Status	:	Completed
Type	:	Deep Learning Model
Contributor(s) ¹	:	Hanzholah Shobri Github, LinkedIn M Noorosyid Sulaksono Github, LinkedIn
Repository	:	https://www.github.com/hanzholahs/brexit-polarity-tweets
Analysis	:	Part 1: Exploratory Data Analysis (click here) Part 2: Deep Learning Model (click here)

Background

The Brexit was a term that refers to the withdrawal of the United Kingdom (UK) from the European Union. It is a combination of Britain and exit. The country is the sole country to ever left the EU. As Brexit has significant implications to the people of the UK, diversing opinions (positively and negatively) arose with the event. Consequently, there is a polarity among Twitter users which then can be observed by the tweets.

Dataset

These Brexit Polarity Tweets dataset were collated by Visalakshi Iyer as part of a Master’s dissertation project. This Twitter dataset covers the January - March 2022 period and comprises tweets relating to Brexit or Europe from Twitter accounts with publicly stated Brexit positions in their bio.

The Boolean search for pro-Brexit tweet is:

(bio:“Brexit support” OR bio:“pro-brexit” OR bio:“pro brexit” OR bio:“Pro #Brexit” OR bio:brexiteer OR bio:probrexit) AND (EU OR Brexit OR CUSTOMS OR EUROPEAN OR EUROPE OR #Remain OR *Brexit OR #rejoinEU)

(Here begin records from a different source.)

lemma sum_wterm_le:
  assumes \<sigma>: "\<sigma> \<ge> 1/2" and t: "t \<ge> 1" and S: "\<And>A. finite A \<Longrightarrow> (\<Sum>n\<in>A. weight \<sigma> n) \<le> S"
    and F: "finite F"
  shows "sum (wterm \<sigma> t) F \<le> (25 * S\<^sup>2 + 176 * S) / t"
proof -
  define A where "A = fst ` F \<union> snd ` F"
  have A: "finite A" "F \<subseteq> A \<times> A"
    unfolding A_def using F by force+
  define W where "W = (\<Sum>n\<in>A. weight \<sigma> n)"
  have W: "0 \<le> W" "W \<le> S"
    unfolding W_def using S[OF A(1)] weight_nonneg[of \<sigma>] by (auto intro: sum_nonneg)
  have "sum (wterm \<sigma> t) F \<le> sum (wterm \<sigma> t) (A \<times> A)"
    using A by (intro sum_mono2) (auto simp: wterm_def)
  also have "\<dots> = (\<Sum>n\<in>A. \<Sum>k\<in>A. wterm \<sigma> t (n, k))"
    by (simp add: sum.cartesian_product)
  also have "\<dots> \<le> (\<Sum>n\<in>A. \<Sum>k\<in>A. 25/t * (weight \<sigma> n * weight \<sigma> k)
                     + 4/t * ((cmod (Kmat t n k))\<^sup>2 * (weight \<sigma> n + weight \<sigma> k)))"
    by (intro sum_mono wterm_le[OF \<sigma> t])
  also have "\<dots> = 25/t * (\<Sum>n\<in>A. \<Sum>k\<in>A. weight \<sigma> n * weight \<sigma> k)
      + 4/t * (\<Sum>n\<in>A. \<Sum>k\<in>A. (cmod (Kmat t n k))\<^sup>2 * (weight \<sigma> n + weight \<sigma> k))"
    by (simp add: sum.distrib sum_distrib_left)
  also have "\<dots> = 25/t * W\<^sup>2
      + 4/t * (\<Sum>n\<in>A. \<Sum>k\<in>A. (cmod (Kmat t n k))\<^sup>2 * (weight \<sigma> n + weight \<sigma> k))"
    by (simp only: W_def power2_eq_square sum_product)
  also have "\<dots> \<le> 25/t * W\<^sup>2 + 4/t * (2 * 22 * W)"
    unfolding W_def using t sum_Kmat_row_le[OF _ A(1), of t] Kmat_commute weight_nonneg[of \<sigma>]
    by (intro add_left_mono mult_left_mono sum_kernel_weight_le) auto
  also have "\<dots> = (25 * W\<^sup>2 + 176 * W) / t"
    by (simp add: add_divide_distrib)
  also have "\<dots> \<le> (25 * S\<^sup>2 + 176 * S) / t"
    using W t by (intro divide_right_mono add_mono mult_left_mono power_mono) auto
  finally show ?thesis .
qed

theorem lemma2p2:
  fixes \<sigma> :: real
  assumes "\<sigma> > 1/2"
  shows "\<exists>C>0. \<forall>t\<ge>1. wterm \<sigma> t summable_on UNIV \<and>
           (\<Sum>\<^sub>\<infinity>nk\<in>UNIV. wterm \<sigma> t nk) \<le> C / t"
proof -
  define S where "S = 2 * (\<Sum>j. 1 / (1 + real j) powr (2 * \<sigma>))"
  have S: "\<And>A. finite A \<Longrightarrow> (\<Sum>n\<in>A. weight \<sigma> n) \<le> S"
    unfolding S_def using sum_weight_le[OF assms] .
  have "0 \<le> S"
    using S[of "{}"] by simp
  define C where "C = 25 * S\<^sup>2 + 176 * S + 1"
  have "C > 0"
    unfolding C_def using \<open>0 \<le> S\<close> by (simp add: add_nonneg_pos)
  moreover have "wterm \<sigma> t summable_on UNIV \<and> (\<Sum>\<^sub>\<infinity>nk\<in>UNIV. wterm \<sigma> t nk) \<le> C / t" if t: "t \<ge> 1" for t
  proof -
    have finite_sums: "sum (wterm \<sigma> t) F \<le> C / t" if "finite F" for F
      using assms t
      by (intro order_trans[OF sum_wterm_le[OF _ t S that]]) (auto simp: C_def intro!: divide_right_mono)
    have summable: "wterm \<sigma> t summable_on UNIV"
      using finite_sums
      by (intro nonneg_bdd_above_summable_on bdd_aboveI[where M="C / t"]) (auto simp: wterm_def)
    show ?thesis
      using summable infsum_le_finite_sums[OF summable finite_sums] by blast
  qed
  ultimately show ?thesis
    by blast
qed

end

The Boolean search for anti-Brexit tweet is:

(bio:“anti brexit” OR bio:“anti-brexit” OR bio:“antibrexit” OR bio:“Pro remain” OR bio:“pro-remain” OR bio:remainer) AND (EU OR BREXIT OR CUSTOMS OR EUROPEAN OR EUROPE OR #Remain OR *Brexit)

Objectives

This project aims to achieve two objectives:

Explore how the British perceive Brexit based on their tweets data
Develop Deep Learning model to predict the sentiment of the Brexit dataset (pro or anti).

Technology

The analysis was conducted in Python. Several important libraries to process tabular data (the original format) are numpy and pandas, and visualisation is created using matplotlib and seaborn. In addition, re and nltk libraries were essential in processing text data. To help with deep learning model training, GPU computation in Google Colab was leveraged supplemented by Kaggle API for accessing data and Google Drive for saving the models. Sentences were embedded into vector representations by leveraging the pre-trained GloVe.

Footnotes

Contributors are ordered alphabetically↩︎